▶ INFORMATION SHOWN:
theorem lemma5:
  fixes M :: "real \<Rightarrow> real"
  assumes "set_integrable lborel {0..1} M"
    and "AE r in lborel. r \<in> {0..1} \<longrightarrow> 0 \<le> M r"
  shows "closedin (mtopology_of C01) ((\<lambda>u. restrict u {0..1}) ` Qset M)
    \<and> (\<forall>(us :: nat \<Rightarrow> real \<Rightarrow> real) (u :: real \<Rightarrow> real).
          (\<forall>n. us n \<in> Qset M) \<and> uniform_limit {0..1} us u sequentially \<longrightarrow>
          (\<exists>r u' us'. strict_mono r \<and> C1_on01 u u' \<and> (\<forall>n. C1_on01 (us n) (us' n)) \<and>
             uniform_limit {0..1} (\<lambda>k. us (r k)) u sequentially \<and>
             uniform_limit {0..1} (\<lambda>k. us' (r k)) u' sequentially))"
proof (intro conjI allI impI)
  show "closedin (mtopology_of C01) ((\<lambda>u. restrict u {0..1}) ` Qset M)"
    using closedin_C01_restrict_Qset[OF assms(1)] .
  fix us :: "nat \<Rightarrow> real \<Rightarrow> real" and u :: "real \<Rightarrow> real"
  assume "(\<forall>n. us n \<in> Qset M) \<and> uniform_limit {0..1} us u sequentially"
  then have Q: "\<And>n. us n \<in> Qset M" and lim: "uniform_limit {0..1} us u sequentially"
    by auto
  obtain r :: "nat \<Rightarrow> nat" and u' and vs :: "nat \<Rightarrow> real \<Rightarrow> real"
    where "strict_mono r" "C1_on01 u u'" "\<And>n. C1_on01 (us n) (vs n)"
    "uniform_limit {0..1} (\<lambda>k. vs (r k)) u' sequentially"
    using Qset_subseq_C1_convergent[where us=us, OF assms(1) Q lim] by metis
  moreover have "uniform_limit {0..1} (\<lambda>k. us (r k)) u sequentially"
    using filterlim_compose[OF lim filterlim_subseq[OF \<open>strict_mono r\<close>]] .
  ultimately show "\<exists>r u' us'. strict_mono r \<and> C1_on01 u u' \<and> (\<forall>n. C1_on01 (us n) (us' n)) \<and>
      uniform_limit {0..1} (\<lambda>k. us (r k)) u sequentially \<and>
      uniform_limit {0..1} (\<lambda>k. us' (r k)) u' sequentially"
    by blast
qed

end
==
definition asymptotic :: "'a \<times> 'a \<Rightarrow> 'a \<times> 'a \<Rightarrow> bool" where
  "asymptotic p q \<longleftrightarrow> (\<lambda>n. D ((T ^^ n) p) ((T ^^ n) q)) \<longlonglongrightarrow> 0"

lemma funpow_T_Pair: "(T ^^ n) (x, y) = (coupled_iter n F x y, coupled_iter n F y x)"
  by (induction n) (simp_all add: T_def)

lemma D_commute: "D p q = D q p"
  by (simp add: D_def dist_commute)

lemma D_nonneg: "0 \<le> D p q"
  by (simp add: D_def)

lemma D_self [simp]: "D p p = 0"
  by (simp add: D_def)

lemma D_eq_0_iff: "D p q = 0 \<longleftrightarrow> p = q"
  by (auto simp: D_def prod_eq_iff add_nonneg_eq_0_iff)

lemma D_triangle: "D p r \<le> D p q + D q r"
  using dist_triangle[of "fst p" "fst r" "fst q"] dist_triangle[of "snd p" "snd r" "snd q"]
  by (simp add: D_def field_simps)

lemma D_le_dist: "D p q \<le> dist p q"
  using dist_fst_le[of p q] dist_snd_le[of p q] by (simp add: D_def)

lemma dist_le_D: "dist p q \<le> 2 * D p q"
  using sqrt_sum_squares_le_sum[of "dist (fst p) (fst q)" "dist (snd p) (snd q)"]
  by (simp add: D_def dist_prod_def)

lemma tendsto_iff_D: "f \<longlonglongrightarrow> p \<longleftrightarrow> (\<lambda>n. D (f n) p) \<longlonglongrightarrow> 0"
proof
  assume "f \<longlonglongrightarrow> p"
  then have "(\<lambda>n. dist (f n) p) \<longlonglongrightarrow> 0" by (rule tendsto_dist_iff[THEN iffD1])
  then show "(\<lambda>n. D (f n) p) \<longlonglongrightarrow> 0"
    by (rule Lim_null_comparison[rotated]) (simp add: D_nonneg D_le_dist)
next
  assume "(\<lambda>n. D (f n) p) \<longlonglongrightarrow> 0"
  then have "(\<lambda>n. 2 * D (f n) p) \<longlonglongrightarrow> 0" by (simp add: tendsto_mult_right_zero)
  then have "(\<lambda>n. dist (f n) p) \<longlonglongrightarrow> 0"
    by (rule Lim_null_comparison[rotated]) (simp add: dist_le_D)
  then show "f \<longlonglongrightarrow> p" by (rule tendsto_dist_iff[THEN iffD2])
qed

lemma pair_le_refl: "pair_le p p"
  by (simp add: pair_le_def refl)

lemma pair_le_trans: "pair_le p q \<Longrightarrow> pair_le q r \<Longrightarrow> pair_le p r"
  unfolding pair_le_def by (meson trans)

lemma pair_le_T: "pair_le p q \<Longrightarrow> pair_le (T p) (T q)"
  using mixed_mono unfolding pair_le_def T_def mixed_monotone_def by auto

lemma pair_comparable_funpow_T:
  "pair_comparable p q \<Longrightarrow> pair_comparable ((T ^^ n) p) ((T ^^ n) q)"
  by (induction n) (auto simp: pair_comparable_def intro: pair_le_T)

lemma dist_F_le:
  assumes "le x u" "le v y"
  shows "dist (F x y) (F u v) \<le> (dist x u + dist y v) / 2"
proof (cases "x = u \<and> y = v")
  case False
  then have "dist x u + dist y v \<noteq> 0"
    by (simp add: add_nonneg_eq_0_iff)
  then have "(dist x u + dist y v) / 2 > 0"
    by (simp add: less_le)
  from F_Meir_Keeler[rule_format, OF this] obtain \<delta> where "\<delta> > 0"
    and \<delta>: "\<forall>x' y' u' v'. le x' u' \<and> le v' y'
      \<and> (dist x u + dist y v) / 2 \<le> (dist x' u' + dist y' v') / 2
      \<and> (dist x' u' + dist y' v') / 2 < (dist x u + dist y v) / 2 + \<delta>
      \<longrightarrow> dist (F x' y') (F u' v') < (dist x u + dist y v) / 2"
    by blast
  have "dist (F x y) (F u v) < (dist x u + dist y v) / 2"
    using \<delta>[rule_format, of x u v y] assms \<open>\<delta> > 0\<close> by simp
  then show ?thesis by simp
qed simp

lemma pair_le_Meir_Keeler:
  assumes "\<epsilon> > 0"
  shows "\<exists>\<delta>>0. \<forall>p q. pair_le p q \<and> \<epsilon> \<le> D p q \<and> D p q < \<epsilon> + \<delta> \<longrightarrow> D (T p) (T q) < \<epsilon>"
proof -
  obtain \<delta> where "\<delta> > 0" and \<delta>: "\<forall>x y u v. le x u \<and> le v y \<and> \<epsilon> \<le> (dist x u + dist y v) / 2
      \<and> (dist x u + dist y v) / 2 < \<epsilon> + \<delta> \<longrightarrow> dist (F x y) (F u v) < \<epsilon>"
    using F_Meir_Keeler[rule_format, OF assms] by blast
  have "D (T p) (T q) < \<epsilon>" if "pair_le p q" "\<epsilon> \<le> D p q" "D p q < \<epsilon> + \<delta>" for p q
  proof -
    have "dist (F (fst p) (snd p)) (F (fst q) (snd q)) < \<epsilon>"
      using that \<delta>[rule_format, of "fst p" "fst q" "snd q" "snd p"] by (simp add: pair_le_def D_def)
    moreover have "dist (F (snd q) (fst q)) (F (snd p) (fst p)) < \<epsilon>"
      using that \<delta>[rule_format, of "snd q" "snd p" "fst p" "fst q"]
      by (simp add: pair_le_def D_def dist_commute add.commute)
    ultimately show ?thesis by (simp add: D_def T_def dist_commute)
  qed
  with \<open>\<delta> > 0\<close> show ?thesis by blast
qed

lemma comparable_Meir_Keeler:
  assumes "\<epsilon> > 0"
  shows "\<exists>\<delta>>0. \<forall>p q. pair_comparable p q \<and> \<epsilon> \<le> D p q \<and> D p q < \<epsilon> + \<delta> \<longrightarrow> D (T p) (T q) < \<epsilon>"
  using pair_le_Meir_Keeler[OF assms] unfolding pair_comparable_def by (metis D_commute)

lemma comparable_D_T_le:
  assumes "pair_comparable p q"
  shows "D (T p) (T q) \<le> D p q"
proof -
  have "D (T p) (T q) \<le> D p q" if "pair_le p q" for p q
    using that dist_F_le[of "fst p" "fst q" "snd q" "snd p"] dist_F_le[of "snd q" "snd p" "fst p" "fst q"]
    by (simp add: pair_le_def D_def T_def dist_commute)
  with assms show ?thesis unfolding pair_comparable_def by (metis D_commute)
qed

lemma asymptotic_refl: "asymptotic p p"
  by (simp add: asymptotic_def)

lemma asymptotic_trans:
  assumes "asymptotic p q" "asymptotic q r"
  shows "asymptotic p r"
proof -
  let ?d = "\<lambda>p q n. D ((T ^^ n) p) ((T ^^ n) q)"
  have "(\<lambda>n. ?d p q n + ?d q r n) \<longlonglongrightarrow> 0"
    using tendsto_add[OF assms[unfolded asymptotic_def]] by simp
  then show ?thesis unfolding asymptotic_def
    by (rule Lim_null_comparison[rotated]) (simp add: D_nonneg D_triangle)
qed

▶ WHAT NEEDS TO BE DONE: Go through the records above and, whenever a line includes the word "blast", copy it.

▶ FINAL ANSWER:
    by blast
    by blast
    using F_Meir_Keeler[rule_format, OF assms] by blast
  with \<open>\<delta> > 0\<close> show ?thesis by blast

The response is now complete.